The first and second line works well, but the third row returns an error "ValueError: Arrays were different lengths"
Is there any special syntax in padas that allow me to create a new column based on multiple value condition like this?
Thanks
Upvotes: 1
Views: 480
Answers (3)
jezrael
Reputation: 863481
Use Series.map by dictionary with fillna for unmatched values:
d = {'CollgCr': 'Middle',
'Veenker': 'Middle',
"Mitchel": 'Lower',
"OldTown": 'Lower',
"BrkSide": 'Lower',
"Sawyer": 'Lower',
"NAmes": 'Lower',
"IDOTRR": 'Lower',
"MeadowV": 'Lower',
"Edwards": 'Lower',
"NPkVill": 'Lower',
"BrDale": 'Lower',
"SWISU": 'Lower',
"Blueste": 'Lower'}
Or create dictionary dynamic:
Mi = ['CollgCr', 'Veenker']
Lo = ["Mitchel", "OldTown", "BrkSide", "Sawyer", "NAmes", "IDOTRR",
"MeadowV", "Edwards", "NPkVill", "BrDale", "SWISU", "Blueste"]
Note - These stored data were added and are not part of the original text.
(* Let $N\ge0$ be an even integer and let $a=(a_0,a_1,\dots,a_N)\in\mathbb N^{N+1}$ satisfy $a_0\le a_1\le\dots\le a_N$, $a_0<a_2<a_4<\cdots$ and $a_1<a_3<a_5<\cdots$. Let $\mathcal J=\{i\in[0,N]: a_i$ appears exactly once in the sequence $a\}$; then $\mathcal J=\{i_0<i_1<\dots<i_{2M}\}$ for some $M\in\mathbb N$ with $i_s\equiv s\pmod 2$, and $i_{s+1}=i_s+2m_s+1$ with $m_s\in\mathbb N$ for $s\in[0,2M-1]$. Let $\mathcal E$ be the set of $b=(b_0,\dots,b_N)\in\mathbb N^{N+1}$ with $b_0<b_2<b_4<\cdots$, $b_1<b_3<b_5<\cdots$ and such that the multisets $\{b_0,\dots,b_N\}$ and $\{a_0,\dots,a_N\}$ coincide. For $b\in\mathcal E$ let $\hat b=(b_0,b_1+1,b_2+1,b_3+2,b_4+2,\dots,b_{N-1}+N/2,b_N+N/2)$, i.e. $\hat b_i=b_i+\lceil i/2\rceil$. For $X\subset\{1,3,\dots,2M-1\}$ define $a^X\in\mathcal E$ by: for $s\in X$, $(a^X_{i_s},a^X_{i_s+1},a^X_{i_s+2},a^X_{i_s+3},\dots,a^X_{i_s+2m_s},a^X_{i_s+2m_s+1})=(a_{i_s+1},a_{i_s},a_{i_s+3},a_{i_s+2},\dots,a_{i_s+2m_s+1},a_{i_s+2m_s})$, and $a^X_i=a_i$ for all other $i\in[0,N]$. If $b\in\mathcal E$ is such that the multiset $\{\hat b_0,\dots,\hat b_N\}$ equals the multiset $\{\hat a_0,\dots,\hat a_N\}$, then there exists $X\subset\{1,3,\dots,2M-1\}$ with $b=a^X$. *)

theory Defs
  imports Main "HOL-Library.Multiset"
begin

definition parity_strict :: "nat list \<Rightarrow> bool" where
  "parity_strict b \<longleftrightarrow> (\<forall>i. i + 2 < length b \<longrightarrow> b ! i < b ! (i + 2))"

definition E_set :: "nat list \<Rightarrow> nat list set" where
  "E_set a = {b. length b = length a \<and> parity_strict b \<and> mset b = mset a}"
d = {**dict.fromkeys(Lo, 'Lower'), **dict.fromkeys(Mi, 'Middle')}
df_full['new'] = df_full['city'].map(d).fillna('Upper')
print (df_full)
city new
0 CollgCr Middle
1 Veenker Middle
2 CollgCr Middle
3 Crawfor Upper
4 NoRidge Upper
5 Mitchel Lower
6 Somerst Upper
7 NWAmes Upper
8 OldTown Lower
9 BrkSide Lower
It depends of data, but map should be fastest:
In [25]: %timeit (jez(df_full.copy()))
15 ms ± 260 µs per loop (mean ± std. dev. of 7 runs, 100 loops each)
In [26]: %timeit (raf(df_full.copy()))
20.3 ms ± 347 µs per loop (mean ± std. dev. of 7 runs, 100 loops each)
In [27]: %timeit (ct(df_full.copy()))
26.9 ms ± 286 µs per loop (mean ± std. dev. of 7 runs, 10 loops each)
Code for timings:
df_full = pd.DataFrame({'city': ['CollgCr', 'Veenker', 'CollgCr', 'Crawfor',
'NoRidge', 'Mitchel', 'Somerst', 'NWAmes',
'OldTown', 'BrkSide']})
#[100000 rows x 1 columns]
df_full = pd.concat([df_full] * 10000, ignore_index=True)
def jez(df_full):
d = {'CollgCr': 'Middle',
'Veenker': 'Middle',
"Mitchel": 'Lower',
"OldTown": 'Lower',
"BrkSide": 'Lower',
"Sawyer": 'Lower',
"NAmes": 'Lower',
"IDOTRR": 'Lower',
"MeadowV": 'Lower',
"Edwards": 'Lower',
"NPkVill": 'Lower',
"BrDale": 'Lower',
"SWISU": 'Lower',
"Blueste": 'Lower'}
df_full['new'] = df_full['city'].map(d).fillna('Upper')
return df_full
def raf(df):
m = ['CollgCr', 'Veenker']
l = ["Mitchel", "OldTown", "BrkSide", "Sawyer", "NAmes",
"IDOTRR","MeadowV", "Edwards", "NPkVill", "BrDale", "SWISU", "Blueste"]
df['new_col'] = np.select([df.city.isin(l), df.city.isin(m)],
['lower', 'middle'], default='upper')
return df
def ct(df):
df_types = pd.DataFrame({'CollgCr': 'Middle',
'Veenker': 'Middle',
"Mitchel": 'Lower',
"OldTown": 'Lower',
"BrkSide": 'Lower',
"Sawyer": 'Lower',
"NAmes": 'Lower',
"IDOTRR": 'Lower',
"MeadowV": 'Lower',
"Edwards": 'Lower',
"NPkVill": 'Lower',
"BrDale": 'Lower',
"SWISU": 'Lower',
"Blueste": 'Lower'}, index=['Type']).T
return df.merge(df_types, left_on='city', right_index=True, how='left').fillna('Upper')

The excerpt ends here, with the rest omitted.